Question

A glass prism has refractive index $\sqrt 2 $ and refracting angle ${30^o}$. One of the refracting surfaces of the prism is silvered. A beam of monochromatic light will retrace its path if its angle of incidence on the unsilvered refracting surface of the prism is
$
  (a){\text{ 0}} \\
  (b){\text{ }}\dfrac{\pi }{6} \\
  (c){\text{ }}\dfrac{\pi }{4} \\
  (d){\text{ }}\dfrac{\pi }{3} \\
 $

Answer 1

Hint: In this question consider an incident ray is shown when incident on the silvered is coated side of the prism such that the incident angle be $i$. Trace the path and use the fact that the refracted ray must strike at 90 degree on the other surface of the prism. Apply the angle sum property in triangle ABC, to find angle $\angle BCA$ (see the figure). As PQ is a normal to the prism thus angle R can easily be found. Apply the Snell’s law at point C. This will help get the right answer.

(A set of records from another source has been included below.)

lemma left_near_field_zero_closed:
  assumes "left_near_field F add mul z"
  shows "z \<in> F"
proof -
  interpret A: group "\<lparr>carrier = F, mult = add, one = z\<rparr>"
    using left_near_field_add_group[OF assms] .
  show ?thesis using A.one_closed by simp
qed

lemma left_near_field_add_closed:
  assumes "left_near_field F add mul z" "a \<in> F" "b \<in> F"
  shows "add a b \<in> F"
proof -
  interpret A: group "\<lparr>carrier = F, mult = add, one = z\<rparr>"
    using left_near_field_add_group[OF assms(1)] .
  show ?thesis using A.m_closed[of a b] assms(2,3) by simp
qed

lemma left_near_field_mult_nonzero_closed:
  assumes "left_near_field F add mul z" "a \<in> F - {z}" "b \<in> F - {z}"
  shows "mul a b \<in> F - {z}"
proof -
  obtain e where "group \<lparr>carrier = F - {z}, mult = mul, one = e\<rparr>"
    using left_near_field_mult_group[OF assms(1)] .
  then interpret M: group "\<lparr>carrier = F - {z}, mult = mul, one = e\<rparr>" .
  show ?thesis using M.m_closed[of a b] assms(2,3) by simp
qed

lemma left_near_field_mult_zero:
  assumes L: "left_near_field F add mul z" and g: "g \<in> F"
  shows "mul g z = z"
proof (cases "g = z")
  case True
  then show ?thesis using left_near_field_zero_mult[OF L] left_near_field_zero_closed[OF L] by simp
next
  case False
  interpret A: group "\<lparr>carrier = F, mult = add, one = z\<rparr>"
    using left_near_field_add_group[OF L] .
  obtain e where "group \<lparr>carrier = F - {z}, mult = mul, one = e\<rparr>"
    using left_near_field_mult_group[OF L] .
  then interpret M: group "\<lparr>carrier = F - {z}, mult = mul, one = e\<rparr>" .
  define n where "n = inv\<^bsub>\<lparr>carrier = F, mult = add, one = z\<rparr>\<^esub> e"
  have e: "e \<in> F - {z}" using M.one_closed by simp
  then have n: "n \<in> F - {z}" "add e n = z"
    using A.inv_closed[of e] A.r_inv[of e] A.inv_eq_1_iff[of e] unfolding n_def by auto
  \<comment> \<open>Writing \<open>z = e + n\<close> with \<open>e, n \<noteq> z\<close> shows that \<open>g \<cdot> z\<close> lies in \<open>F\<close>;
    it is then an idempotent of the additive group.\<close>
  have "mul g z = add (mul g e) (mul g n)"
    using left_near_field_distrib[OF L g, of e n] e n by simp
  then have gz: "mul g z \<in> F"
    using left_near_field_add_closed[OF L] left_near_field_mult_nonzero_closed[OF L] g False e n
    by auto
  have "add (mul g z) (mul g z) = mul g z"
    using left_near_field_distrib[OF L g, of z z] left_near_field_zero_closed[OF L] A.l_one[of z]
    by simp
  then show ?thesis using A.l_cancel_one[of "mul g z" "mul g z"] gz by simp
qed

lemma left_near_field_mult_closed:
  assumes L: "left_near_field F add mul z" and "a \<in> F" "b \<in> F"
  shows "mul a b \<in> F"
  using assms left_near_field_mult_nonzero_closed[OF L, of a b] left_near_field_zero_closed[OF L]
    left_near_field_zero_mult[OF L] left_near_field_mult_zero[OF L]
  by (cases "a = z \<or> b = z") auto

lemma left_near_field_mult_assoc:
  assumes L: "left_near_field F add mul z" and x: "x \<in> F" and y: "y \<in> F" and w: "w \<in> F"
  shows "mul (mul x y) w = mul x (mul y w)"
proof (cases "x = z \<or> y = z \<or> w = z")
  case True
  then show ?thesis
    using assms left_near_field_mult_closed[OF L] left_near_field_zero_mult[OF L]
      left_near_field_mult_zero[OF L] by auto
next
  case False
  obtain e where "group \<lparr>carrier = F - {z}, mult = mul, one = e\<rparr>"
    using left_near_field_mult_group[OF L] .
  then interpret M: group "\<lparr>carrier = F - {z}, mult = mul, one = e\<rparr>" .
  show ?thesis using M.m_assoc[of x y w] False x y w by simp
qed

lemma left_near_field_one_mult:
  assumes L: "left_near_field F add mul z"
    and M: "group \<lparr>carrier = F - {z}, mult = mul, one = e\<rparr>" and x: "x \<in> F"
  shows "mul e x = x"
proof -
  interpret M: group "\<lparr>carrier = F - {z}, mult = mul, one = e\<rparr>" by fact
  show ?thesis
    using M.l_one[of x] M.one_closed left_near_field_mult_zero[OF L] x by (cases "x = z") auto
qed

lemma left_near_field_bij_left_mult:
  assumes L: "left_near_field F add mul z" and c: "c \<in> F - {z}"
  shows "bij_betw (mul c) F F"
proof -
  obtain e where "group \<lparr>carrier = F - {z}, mult = mul, one = e\<rparr>"
    using left_near_field_mult_group[OF L] .
  then interpret M: group "\<lparr>carrier = F - {z}, mult = mul, one = e\<rparr>" .
  define ci where "ci = inv\<^bsub>\<lparr>carrier = F - {z}, mult = mul, one = e\<rparr>\<^esub> c"
  have ci: "ci \<in> F - {z}" "mul c ci = e" "mul ci c = e"
    using M.inv_closed[of c] M.r_inv[of c] M.l_inv[of c] c unfolding ci_def by auto
  show ?thesis
  proof (rule bij_betwI[where g = "mul ci"])
    show "mul c \<in> F \<rightarrow> F" "mul ci \<in> F \<rightarrow> F"
      using left_near_field_mult_closed[OF L] c ci by auto
  next
    fix y assume y: "y \<in> F"
    have "mul ci (mul c y) = mul (mul ci c) y"
      using left_near_field_mult_assoc[OF L, of ci c y] c ci y by simp
    then show "mul ci (mul c y) = y"
      using left_near_field_one_mult[OF L M.is_group y] ci by simp
    have "mul c (mul ci y) = mul (mul c ci) y"
      using left_near_field_mult_assoc[OF L, of c ci y] c ci y by simp
    then show "mul c (mul ci y) = y"
      using left_near_field_one_mult[OF L M.is_group y] ci by simp
  qed
qed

Complete step-by-step solution:

The pictorial representation of the given problem is shown above.
One of the reflecting surfaces is silvered as shown in the figure by blue color.
The refractive index $\left( \mu \right)$ of the prism is $\sqrt 2 $ and refracting angle $\angle CAB = {30^o}$ as shown in the figure.
Now it is given that a beam of monochromatic light will trace its path if the angle of incidence is?
Now an incident ray is shown when is incident on the silvered coated side of the prism, the angle of incidence is $i$, now to trace its path the refracted ray must strike at 90 degree on the other surface of the prism as shown in the figure.
Let PQ be the normal on the surface of the prism.
And (r) be the refracting angle of the monochromatic light.
Now in triangle ABC, the sum of all angles is 180 degrees.
$ \Rightarrow \angle CAB + \angle BCA + \angle CBA = {180^o}$
Let, $\angle BCA$ = x
$ \Rightarrow {30^o} + x + {90^o} = {180^o}$
Now simplify this we have,
$ \Rightarrow x = {180^o} - {120^0} = {60^o}$
Now PQ is a normal to the prism, so $\angle ACQ = {90^o}$
$ \Rightarrow \angle ACQ = \angle ACB + \angle BCQ = {90^o}$
$ \Rightarrow x + r = {90^o}$
Now substitute the value we have,
$ \Rightarrow r = {90^o} - {60^o} = {30^o}$
Now according to Snell’s law we have,
$ \Rightarrow {\mu _1}\sin i = \mu \sin r$
Where, ${\mu _1}$ is the refractive index of the air which is always 1.
Now substitute all the values in the above equation we have,
$ \Rightarrow \left( 1 \right)\sin i = \left( {\sqrt 2 } \right)\sin {30^o}$
$ \Rightarrow \sin i = \left( {\sqrt 2 } \right)\dfrac{1}{2}$, $\left[ {\because \sin {{30}^o} = \dfrac{1}{2}} \right]$
$ \Rightarrow \sin i = \dfrac{1}{{\sqrt 2 }}$, $\left[ {\because \dfrac{{\sqrt 2 }}{2} = \dfrac{1}{{\sqrt 2 }}} \right]$
$ \Rightarrow \sin i = \sin {45^o}$, $\left[ {\because \sin {{45}^o} = \dfrac{1}{{\sqrt 2 }}} \right]$
Now on comparing we have,
$ \Rightarrow i = {45^o} = \dfrac{\pi }{4}$
So the angle of incidence is $\dfrac{\pi }{4}$.
So this is the required answer.
Hence option (C) is the correct answer.

Note – It is important to understand the concept of angle of prism as any angle inside a prism can’t be considered as the angle of the prism. So angle of prism is specifically defined as the angle between those two surfaces of the prism one from which the light enters the prism and the one from which the light goes out of the prism after the refraction. In this case it was the angle between the silvered and the unsilvered surface of the prism.